(* Split the line into the unit intervals I_k.  On each I_k Hoelder's inequality (or, for p = 1,
   the essential supremum bound) gives int_{I_k} |g f| <= b_k a_k, where b_k and a_k are the local
   L^p' norm of g and L^p norm of f.  Given a decomposition b_k = sum_j y_{k,j} and any eps > 0,
   Hoelder's inequality for sequences with the exponents s = q(1+eps) and s' bounds
   sum_k y_{k,j} a_k by ||y_{.,j}||_{s'} ||a||_s <= eps^(-theta/s) ||y_{.,j}||_{s'} ||f||_{p,q),theta}.
   Taking the infimum over eps, summing over j (Tonelli) and taking the infimum over all
   decompositions yields the bound by ||g||_{p',q)',theta} ||f||_{p,q),theta}. *)

lemma infsum_ennreal_eq_nn_integral:
  fixes f :: "'a \<Rightarrow> ennreal"
  assumes "countable A"
  shows "infsum f A = (\<integral>\<^sup>+x. f x \<partial>count_space A)"
proof (cases "finite A")
  case True
  then show ?thesis by (simp add: nn_integral_count_space_finite)
next
  case infinite: False
  define h where "h = from_nat_into A"
  have bij: "bij_betw h UNIV A"
    unfolding h_def using assms infinite by (rule bij_betw_from_nat_into)
  have "(\<integral>\<^sup>+x. f x \<partial>count_space A) = (\<Sum>n. f (h n))"
    by (simp add: nn_integral_bij_count_space[OF bij, symmetric] nn_integral_count_space_nat)
  also have "\<dots> = (SUP n. \<Sum>i<n. f (h i))"
    by (rule suminf_eq_SUP)
  finally have integral_eq: "(\<integral>\<^sup>+x. f x \<partial>count_space A) = (SUP n. \<Sum>i<n. f (h i))" .
  have infsum_eq: "infsum f A = (SUP F\<in>{F. finite F \<and> F \<subseteq> A}. sum f F)"
    by (rule nonneg_infsum_complete) simp
  show ?thesis
  proof (rule antisym)
    show "infsum f A \<le> (\<integral>\<^sup>+x. f x \<partial>count_space A)"
      unfolding infsum_eq
    proof (rule SUP_least, clarify)
      fix F assume F: "finite F" "F \<subseteq> A"
      then have "sum f F = (\<integral>\<^sup>+x. f x * indicator F x \<partial>count_space A)"
        by (subst nn_integral_indicator_finite) (auto intro!: sum.cong simp: subset_eq)
      also have "\<dots> \<le> (\<integral>\<^sup>+x. f x \<partial>count_space A)"
        by (intro nn_integral_mono) (auto split: split_indicator)
      finally show "sum f F \<le> (\<integral>\<^sup>+x. f x \<partial>count_space A)" .
    qed
    show "(\<integral>\<^sup>+x. f x \<partial>count_space A) \<le> infsum f A"
      unfolding integral_eq infsum_eq
    proof (rule SUP_least)
      fix n
      have "inj_on h {..<n}"
        using bij by (metis bij_betw_imp_inj_on inj_on_subset subset_UNIV)
      then have "(\<Sum>i<n. f (h i)) = sum f (h ` {..<n})"
        by (simp add: sum.reindex)
      also have "\<dots> \<le> (SUP F\<in>{F. finite F \<and> F \<subseteq> A}. sum f F)"
        using bij by (intro SUP_upper) (auto simp: bij_betw_def)
      finally show "(\<Sum>i<n. f (h i)) \<le> (SUP F\<in>{F. finite F \<and> F \<subseteq> A}. sum f F)" .
    qed
  qed
qed

lemma ennreal_has_sum_eq_nn_integral:
  fixes y :: "'a \<Rightarrow> real"
  assumes "(y has_sum s) A" "countable A" "\<And>j. j \<in> A \<Longrightarrow> 0 \<le> y j"
  shows "ennreal s = (\<integral>\<^sup>+j. ennreal (y j) \<partial>count_space A)"
proof -
  have "ennreal s = (SUP F\<in>{F. finite F \<and> F \<subseteq> A}. ennreal (sum y F))"
    using assms by (metis infsum_nonneg_is_SUPREMUM_ennreal has_sum_iff)
  also have "\<dots> = infsum (\<lambda>j. ennreal (y j)) A"
    using assms(3) by (subst nonneg_infsum_complete) (auto intro!: SUP_cong sum_ennreal simp: subset_iff)
  finally show ?thesis
    using assms(2) by (simp add: infsum_ennreal_eq_nn_integral)
qed

lemma AE_le_Inf_AE_bounds:
  fixes f :: "'a \<Rightarrow> ennreal"
  shows "AE x in M. P x \<longrightarrow> f x \<le> Inf {C. AE x in M. P x \<longrightarrow> f x \<le> C}"
proof -
  define S where "S = {C. AE x in M. P x \<longrightarrow> f x \<le> C}"
  have "top \<in> S" unfolding S_def by simp
  then obtain u where u: "\<And>n. u n \<in> S" "u \<longlonglongrightarrow> Inf S"
    using Inf_as_limit[of S] by blast
  have "AE x in M. \<forall>n. P x \<longrightarrow> f x \<le> u n"
    using u(1) by (subst AE_all_countable) (simp add: S_def)
  then have "AE x in M. P x \<longrightarrow> f x \<le> Inf S"
    by eventually_elim (use LIMSEQ_le_const[OF u(2)] in blast)
  then show ?thesis unfolding S_def .
qed

lemma epow_finite: "x < top \<Longrightarrow> epow x a = ennreal (enn2real x powr a)"
  by (simp add: epow_def)

lemma epow_ennreal_mult:
  assumes "0 < c" "0 < e"
  shows "epow (ennreal c * T) e = ennreal (c powr e) * epow T e"
proof (cases "T = top")
  case True
  then show ?thesis using assms by (simp add: epow_def ennreal_mult_top)
next
  case False
  then obtain t where "T = ennreal t" "0 \<le> t" by (cases T) auto
  then show ?thesis using assms
    by (simp add: epow_def powr_mult enn2real_mult ennreal_mult_eq_top_iff flip: ennreal_mult)
qed

lemma le_INF_mult_ennreal:
  fixes X G :: ennreal and c :: "'b \<Rightarrow> ennreal"
  assumes "E \<noteq> {}" "G < top" "\<And>e. e \<in> E \<Longrightarrow> X \<le> c e * G"
  shows "X \<le> (INF e\<in>E. c e) * G"
proof (cases "G = 0")
  case True
  with assms(1,3) show ?thesis by force
next
  case False
  with assms(2) obtain \<gamma> where \<gamma>: "G = ennreal \<gamma>" "0 < \<gamma>"
    by (cases G) (auto simp: top_unique)
  have inverse: "ennreal \<gamma> * ennreal (1 / \<gamma>) = 1"
    using \<gamma> by (simp flip: ennreal_mult)
  have "X * ennreal (1 / \<gamma>) \<le> c e" if "e \<in> E" for e
  proof -
    have "X * ennreal (1 / \<gamma>) \<le> c e * G * ennreal (1 / \<gamma>)"
      using assms(3)[OF that] by (rule mult_right_mono) simp
    also have "\<dots> = c e"
      using inverse \<gamma> by (simp add: mult.assoc)
    finally show ?thesis .
  qed
  then have "X * ennreal (1 / \<gamma>) * G \<le> (INF e\<in>E. c e) * G"
    by (intro mult_right_mono INF_greatest) auto
  then show ?thesis
    using inverse \<gamma> by (simp add: mult_ac)
qed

[WHAT YOU ARE ASKED TO DO] Go through the records above line by line and say how many lines include "auto", giving only that number.

[ANSWER SECTION] 7